Discuss the implications your results have in terms of your goal(s) and research question(s). As well, provide a reasoned critique of your methodology and provide suggestions for improving the analysis or what additional data might have strengthened the paper. In doing so, make sure you address the following points:
- How do your results address or fail to address the goal(s) of your manuscript?
- Does the manuscript provide clear, correct, and effective interpretation of the analysis results?
- Are all conclusions made directly supported by the results?
- Was your methodology fully appropriate? What alternative techniques might have been useful?
- Are there any issues with reliability or validity of the data?
- What would you do differently if you had to approach the study again? What additional data sources, variables, or techniques might help you create a stronger manuscript?
This is where you present any technical derivations (if needed) and demonstrate that the assumptions for your models are met. Examples of derivations might include explicit variance terms of frequentist estimators or derivation of full conditional distributions for Gibbs samplers, etc.
As for examples of assumptions, if you are creating a linear model, this would be a good place to discuss the assumptions (e.g., by providing residual plots and comments); if you are performing a Bayesian analysis, this would be a good place to show diagnostic plots (e.g., trace plots, etc.). This section may be as long or as short as needed.
In this section, I am evaluating whether the commit history is appropriate and contains clear descriptions of each committed change. This repository must contain all code used, as well as any ancillary external files which you may have used in your analysis.

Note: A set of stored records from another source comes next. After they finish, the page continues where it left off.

lemma neg_mink_le_cosh_longest_side:
  fixes i j :: nat
  assumes "i < 3" "j < 3" "i \<noteq> j"
  shows "- mink (Q i) (Q j) \<le> cosh_longest_side (Q 0) (Q 1) (Q 2)"
proof -
  have "i = 0 \<or> i = 1 \<or> i = 2" "j = 0 \<or> j = 1 \<or> j = 2"
    using assms by auto
  with \<open>i \<noteq> j\<close> show ?thesis
    by (auto simp: cosh_longest_side_def mink_commute)
qed

lemma cosh_longest_side_permutes_le:
  assumes "\<sigma> permutes {0, 1, 2::nat}"
  shows "cosh_longest_side (Q (\<sigma> 0)) (Q (\<sigma> 1)) (Q (\<sigma> 2)) \<le> cosh_longest_side (Q 0) (Q 1) (Q 2)"
proof -
  have "\<sigma> i < 3" if "i < 3" for i
    using permutes_in_image[OF assms, of i] that by auto
  moreover have "\<sigma> i \<noteq> \<sigma> j" if "i \<noteq> j" for i j
    using permutes_inj[OF assms] that by (metis injD)
  ultimately show ?thesis
    using neg_mink_le_cosh_longest_side[of "\<sigma> 1" "\<sigma> 2" Q] neg_mink_le_cosh_longest_side[of "\<sigma> 2" "\<sigma> 0" Q]
      neg_mink_le_cosh_longest_side[of "\<sigma> 0" "\<sigma> 1" Q]
    by (simp add: cosh_longest_side_def[of "Q (\<sigma> 0)"])
qed

section \<open>Convergence\<close>

lemma tendsto_unique_fixpoint_of_iteration_bound:
  fixes X :: "nat \<Rightarrow> real" and g :: "real \<Rightarrow> real"
  assumes lower: "\<And>k. a \<le> X k" and step: "\<And>k. X (Suc k) \<le> g (X k)"
    and below: "\<And>x. a \<le> x \<Longrightarrow> g x \<le> x" and cont: "continuous_on {a..} g"
    and fixpoint: "\<And>x. a \<le> x \<Longrightarrow> g x = x \<Longrightarrow> x = a"
  shows "X \<longlonglongrightarrow> a"
proof -
  have "decseq X"
    using step below lower by (intro decseq_SucI) (meson order_trans)
  then obtain L where L: "X \<longlonglongrightarrow> L"
    using decseq_convergent lower by blast
  have "a \<le> L"
    using L lower by (meson LIMSEQ_le_const)
  have "(\<lambda>k. g (X k)) \<longlonglongrightarrow> g L"
    using continuous_on_tendsto_compose[OF cont L] \<open>a \<le> L\<close> lower by simp
  then have "L \<le> g L"
    using LIMSEQ_le[OF LIMSEQ_Suc[OF L]] step by blast
  with below \<open>a \<le> L\<close> have "g L = L"
    by (simp add: antisym)
  with fixpoint \<open>a \<le> L\<close> L show ?thesis
    by auto
qed

lemma napoleon_bound_iteration_tendsto_1:
  fixes X :: "nat \<Rightarrow> real"
  assumes "\<And>k. 1 \<le> X k" "\<And>k. X (Suc k) \<le> napoleon_bound (X k)"
  shows "X \<longlonglongrightarrow> 1"
proof (rule tendsto_unique_fixpoint_of_iteration_bound[where g = napoleon_bound])
  show "continuous_on {1..} napoleon_bound"
    unfolding napoleon_bound_def by (intro continuous_intros) auto
qed (use assms in \<open>auto simp: napoleon_bound_def\<close>)

locale napoleon_iteration =
  fixes e :: real and P :: "nat \<Rightarrow> nat \<Rightarrow> real^3" and \<sigma> :: "nat \<Rightarrow> nat \<Rightarrow> nat"
  assumes sign: "e = 1 \<or> e = -1"
    and init: "\<And>i. i < 3 \<Longrightarrow> P 0 i \<in> hyp"
    and perm: "\<And>k. \<sigma> k permutes {0, 1, 2}"
    and oriented: "\<And>k. 0 \<le> mink (hcross (P k (\<sigma> k 0)) (P k (\<sigma> k 1))) (P k (\<sigma> k 2))"
    and step: "\<And>k i. i < 3 \<Longrightarrow>
      P (Suc k) i = napR e (P k (\<sigma> k ((i + 1) mod 3))) (P k (\<sigma> k ((i + 2) mod 3)))"
begin

lemma perm_less_3: "j < 3 \<Longrightarrow> \<sigma> k j < 3"
  using permutes_in_image[OF perm[of k], of j] by auto

lemma in_hyp: "i < 3 \<Longrightarrow> P k i \<in> hyp"
proof (induction k arbitrary: i)
  case 0
  then show ?case
    by (rule init)
next
  case (Suc k)
  then show ?case
    by (simp add: step napR_in_hyp sign perm_less_3)
qed

lemma cosh_longest_side_Suc_le:
  "cosh_longest_side (P (Suc k) 0) (P (Suc k) 1) (P (Suc k) 2)
     \<le> napoleon_bound (cosh_longest_side (P k 0) (P k 1) (P k 2))"
proof -
  define Q where "Q j = P k (\<sigma> k j)" for j
  have "P (Suc k) 0 = napR e (Q 1) (Q 2)" "P (Suc k) 1 = napR e (Q 2) (Q 0)"
    "P (Suc k) 2 = napR e (Q 0) (Q 1)"
    using step[of 0 k] step[of 1 k] step[of 2 k] by (simp_all add: Q_def numeral_2_eq_2)
  moreover have "cosh_longest_side (napR e (Q 1) (Q 2)) (napR e (Q 2) (Q 0)) (napR e (Q 0) (Q 1))
      \<le> napoleon_bound (cosh_longest_side (P k 0) (P k 1) (P k 2))"
  proof (rule cosh_longest_side_napR_le)
    show "cosh_longest_side (Q 0) (Q 1) (Q 2) \<le> cosh_longest_side (P k 0) (P k 1) (P k 2)"
      unfolding Q_def by (rule cosh_longest_side_permutes_le[OF perm])
  qed (use oriented[of k] in \<open>simp_all add: Q_def in_hyp perm_less_3 sign\<close>)
  ultimately show ?thesis
    by simp
qed

lemma cosh_longest_side_tendsto_1: "(\<lambda>k. cosh_longest_side (P k 0) (P k 1) (P k 2)) \<longlonglongrightarrow> 1"
proof (rule napoleon_bound_iteration_tendsto_1)
  show "1 \<le> cosh_longest_side (P k 0) (P k 1) (P k 2)" for k
    using hyp_neg_mink_ge_1[of "P k 1" "P k 2"] by (simp add: cosh_longest_side_def in_hyp)
qed (rule cosh_longest_side_Suc_le)

lemma side_tendsto_1:
  assumes "i < 3"
  shows "(\<lambda>k. - mink (P k ((i + 1) mod 3)) (P k ((i + 2) mod 3))) \<longlonglongrightarrow> 1"
proof (rule tendsto_sandwich[OF always_eventually always_eventually tendsto_const
      cosh_longest_side_tendsto_1]; intro allI)
  fix k
  have "i = 0 \<or> i = 1 \<or> i = 2"
    using assms by auto
  then have "(i + 1) mod 3 \<noteq> (i + 2) mod 3"
    by (elim disjE) simp_all
  then show "- mink (P k ((i + 1) mod 3)) (P k ((i + 2) mod 3)) \<le> cosh_longest_side (P k 0) (P k 1) (P k 2)"
    by (intro neg_mink_le_cosh_longest_side) simp_all
  show "1 \<le> - mink (P k ((i + 1) mod 3)) (P k ((i + 2) mod 3))"
    by (intro hyp_neg_mink_ge_1 in_hyp) auto
qed

end

theorem theorem1p2:
  fixes eps :: real and P :: "nat \<Rightarrow> nat \<Rightarrow> real^3" and \<sigma> :: "nat \<Rightarrow> nat \<Rightarrow> nat"
  assumes eps: "eps = 1 \<or> eps = -1"
    and tri: "hyp_triangle (P 0 0) (P 0 1) (P 0 2)"
    and perm: "\<And>k. \<sigma> k permutes {0, 1, 2}"
    and orient: "\<And>k. mink (hcross (P k (\<sigma> k 0)) (P k (\<sigma> k 1))) (P k (\<sigma> k 2)) \<ge> 0"
    and step: "\<And>k i. i < 3 \<Longrightarrow>
      P (Suc k) i = napR eps (P k (\<sigma> k ((i + 1) mod 3))) (P k (\<sigma> k ((i + 2) mod 3)))"
  shows "\<forall>i < 3. ((\<lambda>k. - mink (P k ((i + 1) mod 3)) (P k ((i + 2) mod 3))) \<longlongrightarrow> 1) sequentially"
proof -
  have "P 0 i \<in> hyp" if "i < 3" for i
  proof -
    have "i = 0 \<or> i = 1 \<or> i = 2"
      using that by auto
    then show ?thesis
      using tri by (elim disjE) (simp_all add: hyp_triangle_def)
  qed
  then interpret napoleon_iteration eps P \<sigma>
    using eps perm orient step by unfold_locales
  show ?thesis
    using side_tendsto_1 by blast
qed

end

The final .pdf report must be typeset and reproducible from your analysis code (end-to-end scripting). This .pdf must match your submission to Gradescope. As well, any slides used for your vidoe presentation should also be included. If these slides were generated using a reproducible method (such as xaringan or Beamer), you must include the code used as well.
Note: Submissions missing code used for the manuscript submission in the GitHub repository will automatically receive a penalty of 50 points.
You must make a live video presentation of 15-20 minutes in class (between April 6 and April 22, inclusive). You may use as many slides or visualizations as you wish. This presentation should include all components, including the preliminary results and discussion. The instructors, TAs, and your peers will be asking questions of your project -- you must defend your project verbally in response to these questions. Treat this as additional peer review (the video presentation is meant to mimic a formal paper presentation at a conference).
- Clearly state your hypothesis (or hypotheses) - think about how your paper might create actionable insight for others.
- Make sure you use best visualization practices as discussed in class for all visualizations and/or tables.
- Write clearly and effectively; confusing the reader is never a good thing!
- Make sure the paper is professionally presented and free of distracting errors or other issues such as poor organizsation, problems with grammar, spelling, or punctuation, and layout concerns such as small font in visuals, excessive and inappropriate decimal points, etc. (this is not an exhaustive list!).
- Quality over quantity - do not calculate every statistic and procedure you have learned for every variable, but rather choose the most appropriate technique or set of techniques to address the goal at hand.
- Focus on methods that help you begin to answer your research questions.
- For the presentation, keep things simple and streamlined. Focus on the general message you want to get across; simply copy/pasting from your paper is unlikely to receive a good grade!